EXERCISE REQUIREMENTS: Take the entries below and print, exactly, the stretch from the line containing "text \<open>w is" through the line containing "borel_measurable lborel \<and>", both included.

--- DATA PROVIDED Enclosed Below ---

(* Let $r_0>0$, $\kappa\in\mathbb R$, $F,h\in C^\infty([0,\infty);\mathbb R)$ with $F(r_0^2)=F'(r_0^2)=0$. Suppose that either (1) there is $r\ge0$ with $F(r^2)<0$, or (2) there is $r\ge0$ with $1+2\kappa r^2h'(r^2)^2<0$. Then for every $\mathfrak p\in\mathbb R$ there exists a sequence $(v_n)\subset\mathcal X(\mathbb R)$ with $\inf_{\mathbb R}|v_n|>0$, $P(v_n)=\mathfrak p$ for all $n$, and $E_\kappa(v_n)\to-\infty$.
   Context: $\mathcal X(\mathbb R)=\{v\in H^1_{loc}(\mathbb R;\mathbb C):v'\in L^2(\mathbb R),\ |v|^2-r_0^2\in L^2(\mathbb R)\}$. $E_\kappa(v)=\int_{\mathbb R}\big(|v'|^2+F(|v|^2)+\frac\kappa2|(h(|v|^2))'|^2\big)dx$. For $v\in\mathcal X(\mathbb R)$ with $\inf|v|>0$, $P(v)=\int_{\mathbb R}\mathrm{Re}(iv'\bar v)\big(1-\frac{r_0^2}{|v|^2}\big)dx$. *)

theory Defs
  imports "HOL-Analysis.Analysis"
begin

definition smooth_nonneg :: "(real \<Rightarrow> real) \<Rightarrow> bool" where
  "smooth_nonneg f \<longleftrightarrow> (\<exists>D. D 0 = f \<and>
     (\<forall>k x. 0 \<le> x \<longrightarrow> (D k has_real_derivative D (Suc k) x) (at x within {0..})))"

text \<open>w is the (weak) derivative of the locally absolutely continuous function v:
  v is the continuous H^1_loc representative, w locally integrable, v b - v a = integral of w.\<close>
definition H1loc_deriv :: "(real \<Rightarrow> 'a::{banach,second_countable_topology}) \<Rightarrow> (real \<Rightarrow> 'a) \<Rightarrow> bool" where
  "H1loc_deriv v w \<longleftrightarrow> w \<in> borel_measurable lborel \<and>
     (\<forall>a b. a \<le> b \<longrightarrow> set_integrable lborel {a..b} w \<and>
        v b - v a = (LINT x:{a..b}|lborel. w x))"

--- End of Enclosed DATA PROVIDED ---

RESPONSE TO THIS EXERCISE:
text \<open>w is the (weak) derivative of the locally absolutely continuous function v:
  v is the continuous H^1_loc representative, w locally integrable, v b - v a = integral of w.\<close>
definition H1loc_deriv :: "(real \<Rightarrow> 'a::{banach,second_countable_topology}) \<Rightarrow> (real \<Rightarrow> 'a) \<Rightarrow> bool" where
  "H1loc_deriv v w \<longleftrightarrow> w \<in> borel_measurable lborel \<and>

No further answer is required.